'Canned-Beer Apocalypse'


Which is probably why Dale Katechis, founder of the small Oskar Blues Brewery in Lyons, Colo., decided he needed a sense of humor when he became a pioneer canner of microbrew three years ago and declared as his marketing slogan: "The canned-beer apocalypse is upon us." He's had to take a fair amount of flak from fellow craft brewers and overcome a good deal of resistance by some in the microbrew-consuming crowd. The idea, he says, is "to kick holes in the can's lowly image by shoving big, beefy beers into them."

It's hardly been an apocalypse for Oskar Blues.

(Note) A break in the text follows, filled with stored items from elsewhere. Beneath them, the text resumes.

lemma in_H2_add:
  fixes f g :: "complex^'d \<Rightarrow> complex"
  assumes "in_H2 f" "in_H2 g"
  shows "in_H2 (\<lambda>x. f x + g x)"
proof -
  obtain c where c: "\<And>n z a. \<forall>i<n. z i \<in> ball 0 1 \<Longrightarrow>
      (cmod (\<Sum>i<n. cnj (a i) * f (z i)))\<^sup>2 \<le> c * Re (kernel_form n z a)"
    using in_H2E[OF assms(1)] by blast
  obtain d where d: "\<And>n z a. \<forall>i<n. z i \<in> ball 0 1 \<Longrightarrow>
      (cmod (\<Sum>i<n. cnj (a i) * g (z i)))\<^sup>2 \<le> d * Re (kernel_form n z a)"
    using in_H2E[OF assms(2)] by blast
  show ?thesis
  proof (rule in_H2I[where c = "2 * c + 2 * d"])
    fix n and z :: "nat \<Rightarrow> complex^'d" and a assume z: "\<forall>i<n. z i \<in> ball 0 1"
    let ?x = "\<Sum>i<n. cnj (a i) * f (z i)" and ?y = "\<Sum>i<n. cnj (a i) * g (z i)"
    have "(cmod (\<Sum>i<n. cnj (a i) * (f (z i) + g (z i))))\<^sup>2 = (cmod (?x + ?y))\<^sup>2"
      by (simp add: distrib_left sum.distrib)
    also have "\<dots> \<le> (cmod ?x + cmod ?y)\<^sup>2"
      by (simp add: norm_triangle_ineq power_mono)
    also have "\<dots> \<le> 2 * (cmod ?x)\<^sup>2 + 2 * (cmod ?y)\<^sup>2"
      using zero_le_power2[of "cmod ?x - cmod ?y"] by (simp add: power2_eq_square algebra_simps)
    also have "\<dots> \<le> (2 * c + 2 * d) * Re (kernel_form n z a)"
      using c[OF z, of a] d[OF z, of a] by (simp add: algebra_simps)
    finally show "(cmod (\<Sum>i<n. cnj (a i) * (f (z i) + g (z i))))\<^sup>2 \<le> (2 * c + 2 * d) * Re (kernel_form n z a)" .
  qed
qed

lemma in_H2_scale:
  fixes f :: "complex^'d \<Rightarrow> complex"
  assumes "in_H2 f"
  shows "in_H2 (\<lambda>x. s * f x)"
proof -
  obtain c where c: "\<And>n z a. \<forall>i<n. z i \<in> ball 0 1 \<Longrightarrow>
      (cmod (\<Sum>i<n. cnj (a i) * f (z i)))\<^sup>2 \<le> c * Re (kernel_form n z a)"
    using in_H2E[OF assms] by blast
  show ?thesis
  proof (rule in_H2I[where c = "(cmod s)\<^sup>2 * c"])
    fix n and z :: "nat \<Rightarrow> complex^'d" and a assume z: "\<forall>i<n. z i \<in> ball 0 1"
    have "(\<Sum>i<n. cnj (a i) * (s * f (z i))) = s * (\<Sum>i<n. cnj (a i) * f (z i))"
      by (simp add: sum_distrib_left mult_ac)
    moreover have "(cmod s)\<^sup>2 * (cmod (\<Sum>i<n. cnj (a i) * f (z i)))\<^sup>2 \<le> (cmod s)\<^sup>2 * (c * Re (kernel_form n z a))"
      using c[OF z, of a] by (simp add: mult_left_mono)
    ultimately show "(cmod (\<Sum>i<n. cnj (a i) * (s * f (z i))))\<^sup>2 \<le> (cmod s)\<^sup>2 * c * Re (kernel_form n z a)"
      by (simp add: norm_mult power_mult_distrib mult_ac)
  qed
qed

lemma is_multiplierD: "is_multiplier \<phi> \<Longrightarrow> in_H2 f \<Longrightarrow> in_H2 (\<lambda>z. \<phi> z * f z)"
  unfolding is_multiplier_def by blast

lemma is_multiplier_const: "is_multiplier (\<lambda>x::complex^'d. c)"
  unfolding is_multiplier_def by (auto intro: in_H2_scale)

lemma is_multiplier_coordinate: "is_multiplier (\<lambda>x::complex^'d. x $ k)"
  unfolding is_multiplier_def by (auto intro: in_H2_coordinate_mult)

lemma is_multiplier_add:
  fixes \<phi> \<psi> :: "complex^'d \<Rightarrow> complex"
  assumes "is_multiplier \<phi>" "is_multiplier \<psi>"
  shows "is_multiplier (\<lambda>x. \<phi> x + \<psi> x)"
  unfolding is_multiplier_def
proof (intro allI impI)
  fix f :: "complex^'d \<Rightarrow> complex" assume f: "in_H2 f"
  have "in_H2 (\<lambda>z. \<phi> z * f z + \<psi> z * f z)"
    using assms[THEN is_multiplierD, OF f] by (rule in_H2_add)
  then show "in_H2 (\<lambda>z. (\<phi> z + \<psi> z) * f z)" by (simp add: distrib_right)
qed

lemma is_multiplier_mult:
  fixes \<phi> \<psi> :: "complex^'d \<Rightarrow> complex"
  assumes "is_multiplier \<phi>" "is_multiplier \<psi>"
  shows "is_multiplier (\<lambda>x. \<phi> x * \<psi> x)"
  unfolding is_multiplier_def
proof (intro allI impI)
  fix f :: "complex^'d \<Rightarrow> complex" assume f: "in_H2 f"
  have "in_H2 (\<lambda>z. \<phi> z * (\<psi> z * f z))"
    by (intro is_multiplierD assms f)
  then show "in_H2 (\<lambda>z. \<phi> z * \<psi> z * f z)" by (simp add: mult.assoc)
qed

lemma is_multiplier_sum:
  fixes F :: "'k \<Rightarrow> complex^'d \<Rightarrow> complex"
  assumes "\<And>k. k \<in> A \<Longrightarrow> is_multiplier (F k)"
  shows "is_multiplier (\<lambda>x. \<Sum>k\<in>A. F k x)"
  using assms
proof (induction A rule: infinite_finite_induct)
  case (insert k A)
  then show ?case using is_multiplier_add[of "F k"] by simp
qed (simp_all add: is_multiplier_const)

The brewery launched its canning operations in 2002 by filling two cans at a time with a small, $10,000 contraption it bought from Cask Brewing Systems Inc., a Calgary, Alberta, manufacturer of small-scale canning systems. (Indeed, Cask's inexpensive systems have been one catalyst for this microcanning revolution.) From a production of 760 barrels that year, Oskar Blues is on target to produce 4,500 barrels this year, making it one of the fastest-growing small breweries in the U.S. Its two canned offerings -- Dale's Pale Ale and Old Chub Scottish Ale -- have been racking up accolades in beer magazines and on beer-aficionado Web sites -- and attracting competitors.

In 2002, Oskar Blues had a sole rival, Big Sky Brewing Co., a Missoula, Mont., craft-beer maker that had begun putting its Moose Drool Brown Ale in an aluminum container shaped like a long-neck beer bottle. These days, there are about two dozen small U.S. brewers or brewpubs (bars that brew on site) and a half-dozen more breweries in Canada that are canning their offerings. That's admittedly still a small part of what's known as the craft-brew movement -- the 1,350 or so breweries and brewpubs that have rejuvenated the U.S. beer scene over the past two decades by reintroducing lots of once-lost beer styles and putting thousands of beers on the market. The canned-beer trend is strong enough that some in the beer-trade press think it could be a major engine in the growth of craft-brew sales during the next decade.
[Canned Beers]

Craft brewers such as Mr. Katechis are ascribing benefits of canning long touted by the likes of Anheuser-Busch, which first put Budweiser in a can in 1936. Cans are user-friendly. They stack and store well in refrigerators and coolers; they chill quickly and have the tactile benefit of feeling cold; they make nice billboards for their contents; and they are welcomed in many places where bottles often aren't -- around swimming pools, marinas and beaches, on boats and golf courses and aboard commercial airplanes. Indeed, one craft canner, Portland Brewery of Portland, Ore., has gotten its MacTarnahan's Amber ale on Alaska Airlines flights. Cans also block out all light, which along with heat is a major spoiler of beer.

Cans are also -- let's face it -- blue-collar and familiar, the vessel from which many of the nation's estimated 84 million beer drinkers took their first sip of brew. As such, they could provide an appealing portal through which the craft-beer makers -- whose sales grew to $3.5 billion last year but who still only have about 3.5% of the national beer market -- could convince Bud, Coors and Miller drinkers, who are 80% of the market, to try their more esoteric beer.

Scott Maitland, for one, is convinced the can has a bright microbrew future. Founder of Top-of-the-Hill Restaurant and Brewery in Chapel Hill, N.C., he launched two canned lines in May after being frustrated that he couldn't find craft beer on the golf course. When he sold 60 barrels (about 800 cases) in the first five weeks, a lot of them to a local supermarket chain, he knew he was on to something. "The consumers actually get it better than anyone in the craft-beer industry," says Mr. Maitland, who expects his canned output to grow to about 600 barrels of his Leaderboard Trophy Lager and Ram's Head India Pale Ale a year.